When Schulz got back from the war, he began drawing a comic strip about children called "Li'l Folks," and when he sold it to a national syndicate they changed the name to "Peanuts." The first Peanuts strip appeared on October 2, 1950, and it showed a boy and a girl sitting on a curb, with Charlie Brown approaching from a distance. The boy says, "Here comes ol' Charlie Brown! Good ol' Charlie Brown. ... Yes, Sir." And then once Charlie Brown has passed by, the boy says, "How I hate him!"
In addition to Charlie Brown, "Peanuts" introduced the world to Linus, Schroeder, Lucy, Violet, and Snoopy, the dog. It became the most popular comic strip of all time, appearing in 2,600 newspapers and 75 countries, read by more than 335 million people everyday. Charles Schulz did all the drawing, inking, and lettering of his cartoons by himself, with no staff assistants. And he took almost no breaks in 50 years, even when his hand began to shake after he had heart surgery. He only decided to retire after he developed Parkinson's disease and was diagnosed with cancer. He died on February 12, 2000, the day before his last strip was set to run.
Charles Schulz said, "Most of us are much more acquainted with losing than we are with winning.

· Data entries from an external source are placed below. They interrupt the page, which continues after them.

lemma card_fibre_eq_card_lifts:
  fixes w :: "'u list"
  assumes lw: "length w = d" and M: "set_mset M \<subseteq> C \<times> B \<times> UNIV"
  shows "card {p \<in> tuples C d \<times> tuples B d. mset (zip (fst p) (zip (snd p) w)) = M} =
    card {z \<in> permutations_of_multiset M. map (snd \<circ> snd) z = w}"
    (is "card ?F = card ?L")
proof (rule bij_betw_same_card[of "\<lambda>p. zip (fst p) (zip (snd p) w)"])
  have maps: "map fst (zip (fst p) (zip (snd p) w)) = fst p"
    "map (fst \<circ> snd) (zip (fst p) (zip (snd p) w)) = snd p"
    "map (snd \<circ> snd) (zip (fst p) (zip (snd p) w)) = w" if "p \<in> ?F" for p
    using that lw by (auto intro!: map_zip_triples simp: length_tuples)
  have inv: "zip (map fst z) (zip (map (fst \<circ> snd) z) w) = z" if "z \<in> ?L" for z
    using that zip_map_triples[of z] by simp
  have "(map fst z, map (fst \<circ> snd) z) \<in> ?F" if z: "z \<in> ?L" for z
  proof -
    have "set z \<subseteq> C \<times> B \<times> UNIV"
      using z M by (auto simp: permutations_of_multiset_def)
    then show ?thesis
      using z lw inv[OF z] by (auto simp: tuples_def permutations_of_multiset_def)
  qed
  then show "bij_betw (\<lambda>p. zip (fst p) (zip (snd p) w)) ?F ?L"
    using maps inv
    by (intro bij_betw_byWitness[where f' = "\<lambda>z. (map fst z, map (fst \<circ> snd) z)"])
      (auto simp: permutations_of_multiset_def)
qed

lemma prod_mset_image_mset_mset: "prod_mset (image_mset f (mset xs)) = (\<Prod>k<length xs. f (xs ! k))"
  by (induction xs) (simp_all add: prod.lessThan_Suc_shift del: prod.lessThan_Suc)

context
  fixes Ca Cc C1 :: "'c::linorder set" and Ba Bc B1 :: "'b::linorder set"
    and act :: "'c \<Rightarrow> 'b \<Rightarrow> 'b \<Rightarrow> 'r::comm_ring_1"
    and d :: nat and a :: "'c list" and b w :: "'b list"
  assumes finite_C: "finite (Ca \<union> Cc \<union> C1)" and finite_B: "finite (Ba \<union> Bc \<union> B1)"
    and disjoint_C: "C1 \<inter> (Ca \<union> Cc) = {}" and disjoint_B: "B1 \<inter> (Ba \<union> Bc) = {}"
    and disjoint_ac: "Ba \<inter> Bc = {}"
    and parity: "\<And>x v u. x \<in> Ca \<union> Cc \<union> C1 \<Longrightarrow> v \<in> Ba \<union> Bc \<union> B1 \<Longrightarrow> act x v u \<noteq> 0 \<Longrightarrow>
      (u \<in> B1) = ((x \<in> C1) \<noteq> (v \<in> B1))"
    and closed: "\<And>x v u. x \<in> Ca \<Longrightarrow> v \<in> Ba \<Longrightarrow> act x v u \<noteq> 0 \<Longrightarrow> u \<in> Ba"
    and a: "a \<in> Seq Ca Cc C1 d" and b: "b \<in> Seq Ba Bc B1 d" and w: "w \<in> Seq Ba Bc B1 d"
begin
lemma acyclic_for_labeling_relabel:
  assumes "inj f" shows "acyclic_for_labeling (apfst f ` G) \<longleftrightarrow> acyclic_for_labeling G"
proof
  assume acyclic: "acyclic_for_labeling (apfst f ` G)"
  show "acyclic_for_labeling G"
  proof (rule ccontr)
    assume "\<not> acyclic_for_labeling G"
    then obtain vs ls i j where cycle: "simple_cycle G vs ls"
      and ij: "i < length ls" "j < length ls" "ls ! i \<noteq> ls ! j"
      unfolding not_acyclic_for_labeling_iff by blast
    have "(f l, e) \<in> apfst f ` G" if "(l, e) \<in> G" for l e
      using that by force
    then show False
      using not_acyclic_for_labeling_map[OF cycle _ ij(1,2)] ij(3) assms acyclic
      by (metis injD)
  qed
next
  assume acyclic: "acyclic_for_labeling G"
  show "acyclic_for_labeling (apfst f ` G)"
  proof (rule ccontr)
    assume "\<not> acyclic_for_labeling (apfst f ` G)"
    then obtain vs ls i j where cycle: "simple_cycle (apfst f ` G) vs ls"
      and ij: "i < length ls" "j < length ls" "ls ! i \<noteq> ls ! j"
      unfolding not_acyclic_for_labeling_iff by blast
    have "ls ! k \<in> range f" if "k < length ls" for k
      using simple_cycle_edge[OF cycle that] by force
    then have "inv f (ls ! i) \<noteq> inv f (ls ! j)"
      using ij by (metis f_inv_into_f)
    moreover have "(inv f l, e) \<in> G" if "(l, e) \<in> apfst f ` G" for l e
      using that assms by auto
    ultimately show False
      using not_acyclic_for_labeling_map[OF cycle _ ij(1,2)] acyclic by blast
  qed
qed

lemma alt_cycle_imp_not_acyclic_for_labeling:
  assumes cycle: "alt_cycle R as bs" and "inj f"
    and edge: "\<And>a a' b. R a b \<Longrightarrow> R a' b \<Longrightarrow> a \<noteq> a' \<Longrightarrow> (f b, {a, a'}) \<in> G"
  shows "\<not> acyclic_for_labeling G"
proof -
  have walk: "length bs = length as"
    "\<And>i. i < length as \<Longrightarrow> R (as ! i) (bs ! i) \<and> R (as ! ((i + 1) mod length as)) (bs ! i)"
    and distinct: "distinct as" "distinct bs" and len: "2 \<le> length as"
    using cycle by (simp_all add: alt_cycle_def closed_walk_iff_nth)
  have "as ! i \<noteq> as ! ((i + 1) mod length as)" if "i < length as" for i
    using mod_Suc_ne[OF len that] mod_Suc_less[OF that] that distinct(1)
    by (simp add: nth_eq_iff_index_eq)
  then have simple: "simple_cycle G as (map f bs)"
    using walk distinct len edge
    by (intro simple_cycleI) (simp_all add: distinct_map inj_on_subset[OF \<open>inj f\<close>])
  have len_bs: "0 < length bs" "1 < length bs"
    using len walk(1) by linarith+
  then have "bs ! 0 \<noteq> bs ! 1"
    using distinct(2) nth_eq_iff_index_eq[of bs 0 1] by simp
  then have "map f bs ! 0 \<noteq> map f bs ! 1"
    using len_bs \<open>inj f\<close> by (simp add: inj_eq)
  then show ?thesis
    using simple len_bs unfolding not_acyclic_for_labeling_iff by (metis length_map)
qed
(* Let $\varepsilon\in\mathbb{R}^p$ be a random vector with mean $0$ and variance $\Delta>0$, let $W\in\mathbb{R}^{p\times p}$ be symmetric positive semidefinite, and consider the conditions (W.1) $E(\varepsilon^TW\varepsilon)=O(p)$ and (W.2) $\operatorname{var}(\varepsilon^TW\varepsilon)=O(p^2)$ as $p\to\infty$. Let $\epsilon=(\epsilon_i)=\Delta^{-1/2}\varepsilon$ (so $E(\epsilon)=0$, $\operatorname{var}(\epsilon)=I_p$) and $\phi_{ij}=E(\epsilon_i^2\epsilon_j^2)$, $i,j=1,\dots,p$. Then: (i) If $\varepsilon\sim N(0,\Delta)$, then (W.1) implies (W.2). (ii) If $W=\Delta^{-1}$ and $\phi_{ij}\le\phi<\infty$ for all $i,j$ as $p\to\infty$, then (W.2) holds. (iii) If (a) the elements $\epsilon_i$ of $\epsilon$ have symmetric distributions or are independent, and (b) $\phi_{ij}\le\phi<\infty$ for all $i,j$ as $p\to\infty$, then (W.1) implies (W.2).
   Context: All quantities are indexed by $p$, with $p\to\infty$; $\phi$ is a constant not depending on $p$. *)

theory Defs
  imports "HOL-Probability.Probability" "HOL-Library.Landau_Symbols"
begin

text \<open>p x p real matrices are represented as functions nat => nat => real, only the
  entries with indices below p being relevant; vectors in R^p as nat => _ on indices below p.\<close>

definition qform :: "nat \<Rightarrow> (nat \<Rightarrow> nat \<Rightarrow> real) \<Rightarrow> (nat \<Rightarrow> real) \<Rightarrow> real" where
  "qform p A a = (\<Sum>i<p. \<Sum>j<p. a i * A i j * a j)"

definition sym_mat :: "nat \<Rightarrow> (nat \<Rightarrow> nat \<Rightarrow> real) \<Rightarrow> bool" where
  "sym_mat p A \<longleftrightarrow> (\<forall>i<p. \<forall>j<p. A i j = A j i)"

definition psd_mat :: "nat \<Rightarrow> (nat \<Rightarrow> nat \<Rightarrow> real) \<Rightarrow> bool" where
  "psd_mat p A \<longleftrightarrow> sym_mat p A \<and> (\<forall>a. qform p A a \<ge> 0)"

definition pd_mat :: "nat \<Rightarrow> (nat \<Rightarrow> nat \<Rightarrow> real) \<Rightarrow> bool" where
  "pd_mat p A \<longleftrightarrow> sym_mat p A \<and> (\<forall>a. (\<exists>i<p. a i \<noteq> 0) \<longrightarrow> qform p A a > 0)"

definition mat_mult :: "nat \<Rightarrow> (nat \<Rightarrow> nat \<Rightarrow> real) \<Rightarrow> (nat \<Rightarrow> nat \<Rightarrow> real) \<Rightarrow> (nat \<Rightarrow> nat \<Rightarrow> real)" where
  "mat_mult p A B = (\<lambda>i j. \<Sum>k<p. A i k * B k j)"

definition is_id_mat :: "nat \<Rightarrow> (nat \<Rightarrow> nat \<Rightarrow> real) \<Rightarrow> bool" where
  "is_id_mat p A \<longleftrightarrow> (\<forall>i<p. \<forall>j<p. A i j = (if i = j then 1 else 0))"

text \<open>B is the inverse of A (for square matrices a one-sided inverse is two-sided).\<close>
definition is_inverse_mat :: "nat \<Rightarrow> (nat \<Rightarrow> nat \<Rightarrow> real) \<Rightarrow> (nat \<Rightarrow> nat \<Rightarrow> real) \<Rightarrow> bool" where
  "is_inverse_mat p B A \<longleftrightarrow> is_id_mat p (mat_mult p B A)"

text \<open>S = D^(-1/2), the symmetric positive definite inverse square root of a positive
  definite D: the unique symmetric positive definite S with S D S = I.\<close>
definition is_inv_sqrt :: "nat \<Rightarrow> (nat \<Rightarrow> nat \<Rightarrow> real) \<Rightarrow> (nat \<Rightarrow> nat \<Rightarrow> real) \<Rightarrow> bool" where
  "is_inv_sqrt p D S \<longleftrightarrow> pd_mat p S \<and> is_id_mat p (mat_mult p (mat_mult p S D) S)"
(* For every integer $r\ge 1$, $$\sum_{n=1}^{\infty}\frac{n4^n}{(2n-1)^2(4n+2r-1)}\frac{\binom{2n}{n}}{\binom{4n+2r-2}{2n+r-1}}=\sqrt{2}\sum_{k=0}^{r}\frac{(-1)^k}{(2k+1)2^{2r-k-1}}\binom{r}{k}\mathcal{B}(k),$$ where $\mathcal{B}(k)=\int_0^{1/2}\frac{t^k}{\sqrt{1-t}}\,\mathrm{d}t$. *)

theory Defs
  imports "HOL-Analysis.Analysis"
begin

definition calB :: "nat \<Rightarrow> real" where
  "calB k = integral {0..1/2} (\<lambda>t. t ^ k / sqrt (1 - t))"

end

theory Submission
  imports Defs
begin

(* With c_m = (2m choose m) / 4^m, the coefficients of 1/sqrt(1 - x), Wallis' integral
   int_0^1 (1 - s^2)^p ds equals 1/((2p + 1) c_p), and the m-th summand of the series is
   2/4^r * c_m * W(r + 2m + 1)/(2m + 1) with W(p) that integral.  Integration by parts against the
   antiderivative A_r(s) = int_0^s (1 - u^2)^r du turns W(r + 2m + 1)/(2m + 1) into
   int_0^1 A_r(s) 2s (1 - s^2)^(2m) ds.  All terms are nonnegative, so the sum can be taken under
   the integral; at x = (1 - s^2)^2 the generating function gives 1/(s sqrt(2 - s^2)), hence the
   series equals 2/4^r int_0^1 2 A_r(s)/sqrt(2 - s^2) ds.  Expanding A_r binomially and
   substituting t = s^2/2 turns this into the combination of the integrals B(k). *)

lemma has_integral_of_real_derivative:
  fixes a b :: real
  assumes "a \<le> b" "\<And>x. x \<in> {a..b} \<Longrightarrow> (F has_real_derivative F' x) (at x)"
  shows "(F' has_integral (F b - F a)) {a..b}"
  using assms by (intro fundamental_theorem_of_calculus)
    (auto simp: has_real_derivative_iff_has_vector_derivative[symmetric] intro: has_field_derivative_at_within)

lemma sums_integral_nonneg_series:
  fixes f :: "nat \<Rightarrow> 'n::euclidean_space \<Rightarrow> real"
  assumes f_int: "\<And>m. (f m has_integral I m) S"
    and f_nonneg: "\<And>m x. x \<in> S \<Longrightarrow> 0 \<le> f m x"
    and f_sums: "\<And>x. x \<in> S \<Longrightarrow> (\<lambda>m. f m x) sums g x"
    and g_int: "g integrable_on S"
  shows "I sums integral S g"
proof -
  define F where "F k x = (\<Sum>m<k. f m x)" for k x
  have F_int: "(F k has_integral (\<Sum>m<k. I m)) S" for k
    unfolding F_def by (intro has_integral_sum f_int finite_lessThan)
  have F_le: "F k x \<le> g x" if "x \<in> S" for k x
    unfolding F_def using f_sums[OF that] f_nonneg[OF that]
    by (metis sums_iff sum_le_suminf finite_lessThan)
  have "(\<lambda>k. integral S (F k)) \<longlonglongrightarrow> integral S g"
  proof (rule monotone_convergence_increasing[THEN conjunct2])
    show "F k integrable_on S" for k
      using F_int by blast
    show "F k x \<le> F (Suc k) x" if "x \<in> S" for k x
      unfolding F_def using f_nonneg[OF that] by simp
    show "(\<lambda>k. F k x) \<longlonglongrightarrow> g x" if "x \<in> S" for x
      using f_sums[OF that] by (simp add: F_def sums_def)
    have "\<bar>integral S (F k)\<bar> \<le> integral S g" for k
    proof -
      have "0 \<le> integral S (F k)"
        using F_int f_nonneg by (intro integral_nonneg) (auto simp: F_def intro: sum_nonneg)
      moreover have "integral S (F k) \<le> integral S g"
        using F_int g_int F_le by (intro integral_le) auto
      ultimately show ?thesis by simp
    qed
    then show "bounded (range (\<lambda>k. integral S (F k)))"
      unfolding bounded_real by blast
  qed
  moreover have "integral S (F k) = (\<Sum>m<k. I m)" for k
    using F_int by (rule integral_unique)
  ultimately show ?thesis
    by (simp add: sums_def)
qed

definition inv_sqrt_coeff :: "nat \<Rightarrow> real" where
  "inv_sqrt_coeff m = real ((2*m) choose m) / 4^m"

lemma inv_sqrt_coeff_pos: "0 < inv_sqrt_coeff m"
  by (simp add: inv_sqrt_coeff_def)

lemma central_binomial_Suc:
  "Suc m * ((2 * Suc m) choose Suc m) = 2 * (2*m + 1) * ((2*m) choose m)"
proof -
  have "Suc m * ((2 * Suc m) choose Suc m) = 2 * Suc m * (Suc (2*m) choose m)"
    using Suc_times_binomial[of m "Suc (2*m)"] by (simp del: binomial_Suc_Suc)
  also have "Suc (2*m) choose m = Suc (2*m) choose Suc m"
    using binomial_symmetric[of m "Suc (2*m)"] by (simp add: Suc_diff_le)
  also have "2 * Suc m * (Suc (2*m) choose Suc m) = 2 * (Suc m * (Suc (2*m) choose Suc m))"
    by (simp only: mult.assoc)
  also have "Suc m * (Suc (2*m) choose Suc m) = Suc (2*m) * ((2*m) choose m)"
    by (rule Suc_times_binomial)
  finally show ?thesis by simp
qed

lemma inv_sqrt_coeff_Suc:
  "inv_sqrt_coeff (Suc m) = inv_sqrt_coeff m * (2 * real m + 1) / (2 * real m + 2)"
proof -
  have central: "real ((2 * Suc m) choose Suc m) = 2 * (2 * real m + 1) * real ((2*m) choose m) / (real m + 1)"
    using arg_cong[OF central_binomial_Suc[of m], of real]
    by (simp add: eq_divide_eq algebra_simps del: binomial_Suc_Suc)
  show ?thesis
    unfolding inv_sqrt_coeff_def central by (simp add: divide_simps) (simp add: algebra_simps)
qed

lemma inv_sqrt_coeff_eq_gbinomial: "inv_sqrt_coeff m = (-1)^m * ((-1/2) gchoose m)"
proof (induction m)
  case 0
  then show ?case by (simp add: inv_sqrt_coeff_def)
next
  case (Suc m)
  have "(real m + 1) * ((-1/2) gchoose Suc m) = (-1/2 - real m) * ((-1/2) gchoose m)"
    using gbinomial_mult_1[of "-1/2 :: real" m] by (simp add: algebra_simps)
  then have "((-1/2) gchoose Suc m) = - ((-1/2) gchoose m) * ((2 * real m + 1) / (2 * real m + 2))"
    by (simp add: field_simps)
  then show ?case
    by (simp add: inv_sqrt_coeff_Suc Suc.IH)
qed

lemma sums_inv_sqrt_coeff:
  fixes x :: real
  assumes "\<bar>x\<bar> < 1"
  shows "(\<lambda>m. inv_sqrt_coeff m * x^m) sums (1 / sqrt (1 - x))"
proof -
  have "(\<lambda>m. ((-1/2) gchoose m) * (-x)^m) sums (1 + -x) powr (-1/2)"
    using gen_binomial_real[of "-x" "-1/2"] assms by simp
  moreover have "((-1/2) gchoose m) * (-x)^m = inv_sqrt_coeff m * x^m" for m
    by (simp add: inv_sqrt_coeff_eq_gbinomial power_minus')
  moreover have "(1 + -x) powr (-1/2) = 1 / sqrt (1 - x)"
    using assms by (simp add: powr_minus_divide powr_half_sqrt)
  ultimately show ?thesis by simp
qed

definition wallis_integral :: "nat \<Rightarrow> real" where
  "wallis_integral p = 1 / ((2 * real p + 1) * inv_sqrt_coeff p)"

lemma has_integral_one_minus_sq_power:
  "((\<lambda>s. (1 - s^2)^p) has_integral wallis_integral p) {0..1::real}"
  unfolding wallis_integral_def
proof (induction p)
  case 0
  then show ?case using has_integral_const_real[of "1::real" 0 1] by (simp add: inv_sqrt_coeff_def)
next
  case (Suc p)
  have "((\<lambda>s. (2 * real p + 3) * (1 - s^2)^Suc p - (2 * real p + 2) * (1 - s^2)^p) has_integral
          (\<lambda>s. s * (1 - s^2)^Suc p) 1 - (\<lambda>s. s * (1 - s^2)^Suc p) 0) {0..1::real}"
  proof (rule has_integral_of_real_derivative)
    fix x :: real
    show "((\<lambda>s. s * (1 - s^2)^Suc p) has_real_derivative
            (2 * real p + 3) * (1 - x^2)^Suc p - (2 * real p + 2) * (1 - x^2)^p) (at x)"
      by (rule derivative_eq_intros refl | simp)+ (simp add: algebra_simps power2_eq_square)
  qed simp
  then have "((\<lambda>s. (2 * real p + 3) * (1 - s^2)^Suc p - (2 * real p + 2) * (1 - s^2)^p) has_integral 0) {0..1::real}"
    by simp
  from has_integral_add[OF this has_integral_mult_right[OF Suc.IH, of "2 * real p + 2"]]
  have "((\<lambda>s. (2 * real p + 3) * (1 - s^2)^Suc p) has_integral
          (2 * real p + 2) / ((2 * real p + 1) * inv_sqrt_coeff p)) {0..1::real}"
    by simp
  from has_integral_mult_right[OF this, of "1 / (2 * real p + 3)"]
  have "((\<lambda>s. (1 - s^2)^Suc p) has_integral
          1 / (2 * real p + 3) * ((2 * real p + 2) / ((2 * real p + 1) * inv_sqrt_coeff p))) {0..1::real}"
    by (simp del: power_Suc)
  also have "1 / (2 * real p + 3) * ((2 * real p + 2) / ((2 * real p + 1) * inv_sqrt_coeff p)) =
             1 / ((2 * real (Suc p) + 1) * inv_sqrt_coeff (Suc p))"
    using inv_sqrt_coeff_pos[of p] by (simp add: inv_sqrt_coeff_Suc field_simps)
  finally show ?case .
qed

definition antideriv_one_minus_sq_pow :: "nat \<Rightarrow> real \<Rightarrow> real" where
  "antideriv_one_minus_sq_pow r s = (\<Sum>k\<le>r. (-1)^k * real (r choose k) * s^(2*k+1) / (2 * real k + 1))"

lemma antideriv_one_minus_sq_pow_0 [simp]: "antideriv_one_minus_sq_pow r 0 = 0"
  by (simp add: antideriv_one_minus_sq_pow_def)

lemma has_real_derivative_antideriv_one_minus_sq_pow:
  "(antideriv_one_minus_sq_pow r has_real_derivative (1 - s^2)^r) (at s)"
proof -
  have "(antideriv_one_minus_sq_pow r has_real_derivative
          (\<Sum>k\<le>r. (-1)^k * real (r choose k) * ((2 * real k + 1) * s^(2*k)) / (2 * real k + 1))) (at s)"
    unfolding antideriv_one_minus_sq_pow_def
    by (intro DERIV_sum DERIV_cdivide DERIV_cmult) (use DERIV_pow[of "2*k+1" s for k] in \<open>simp add: add.commute\<close>)
  also have "(\<Sum>k\<le>r. (-1)^k * real (r choose k) * ((2 * real k + 1) * s^(2*k)) / (2 * real k + 1)) =
             (\<Sum>k\<le>r. real (r choose k) * (-(s^2))^k * 1^(r-k))"
    by (intro sum.cong refl) (simp add: power_minus' power_mult)
  also have "\<dots> = (1 - s^2)^r"
    using binomial_ring[of "-(s^2)" 1 r] by simp
  finally show ?thesis .
qed

lemma antideriv_one_minus_sq_pow_nonneg:
  assumes "0 \<le> s" "s \<le> 1"
  shows "0 \<le> antideriv_one_minus_sq_pow r s"
proof -
  have "antideriv_one_minus_sq_pow r 0 \<le> antideriv_one_minus_sq_pow r s"
  proof (rule DERIV_nonneg_imp_nondecreasing[OF assms(1)])
    fix x assume "0 \<le> x" "x \<le> s"
    with assms have "0 \<le> (1 - x^2)^r"
      by (simp add: abs_square_le_1)
    then show "\<exists>y. (antideriv_one_minus_sq_pow r has_real_derivative y) (at x) \<and> 0 \<le> y"
      using has_real_derivative_antideriv_one_minus_sq_pow by blast
  qed
  then show ?thesis by simp
qed

lemma continuous_on_antideriv_one_minus_sq_pow: "continuous_on A (antideriv_one_minus_sq_pow r)"
  using DERIV_isCont[OF has_real_derivative_antideriv_one_minus_sq_pow]
  by (simp add: continuous_at_imp_continuous_on)

lemma has_integral_antideriv_one_minus_sq_pow_weighted:
  "((\<lambda>s. antideriv_one_minus_sq_pow r s * (2 * s) * (1 - s^2)^q) has_integral
      wallis_integral (r + q + 1) / (real q + 1)) {0..1}"
proof -
  let ?A = "antideriv_one_minus_sq_pow r"
  have "((\<lambda>s. (1 - s^2)^(r + q + 1) - (real q + 1) * (?A s * (2 * s) * (1 - s^2)^q)) has_integral
          (\<lambda>s. ?A s * (1 - s^2)^Suc q) 1 - (\<lambda>s. ?A s * (1 - s^2)^Suc q) 0) {0..1}"
  proof (rule has_integral_of_real_derivative)
    fix x :: real
    show "((\<lambda>s. ?A s * (1 - s^2)^Suc q) has_real_derivative
            (1 - x^2)^(r + q + 1) - (real q + 1) * (?A x * (2 * x) * (1 - x^2)^q)) (at x)"
      by (rule derivative_eq_intros has_real_derivative_antideriv_one_minus_sq_pow refl | simp)+
         (simp add: algebra_simps power_add)
  qed simp
  then have "((\<lambda>s. (1 - s^2)^(r + q + 1) - (real q + 1) * (?A s * (2 * s) * (1 - s^2)^q)) has_integral 0) {0..1}"
    by simp
  from has_integral_diff[OF has_integral_one_minus_sq_power[of "r + q + 1"] this]
  have "((\<lambda>s. (real q + 1) * (?A s * (2 * s) * (1 - s^2)^q)) has_integral wallis_integral (r + q + 1)) {0..1}"
    by simp
  from has_integral_mult_right[OF this, of "1 / (real q + 1)"]
  show ?thesis
    by (simp add: add_pos_nonneg)
qed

Winning is great, but it isn't funny."
It's the birthday of the novelist Marilynne Robinson, (books by this author) born in Sandpoint, Idaho (1943), whose first novel, Housekeeping (1980), was nominated for the Pulitzer and won a PEN/Hemingway award for best first novel of the year. Robinson seemed to have come out of nowhere, and people couldn't wait to see what she would write next. But instead of writing another novel, she wrote a book of nonfiction about nuclear waste in England, and a collection of essays about philosophy and theology. She took a teaching job in Iowa and worked on the side as a deacon at her church. It took her more than two decades to write her second novel, Gilead, which came out in 2004, and it won the Pulitzer Prize. It's the story of a Congregationalist preacher named John Ames who knows he is dying of heart disease and wants to write down his life story for his 6-year-old son.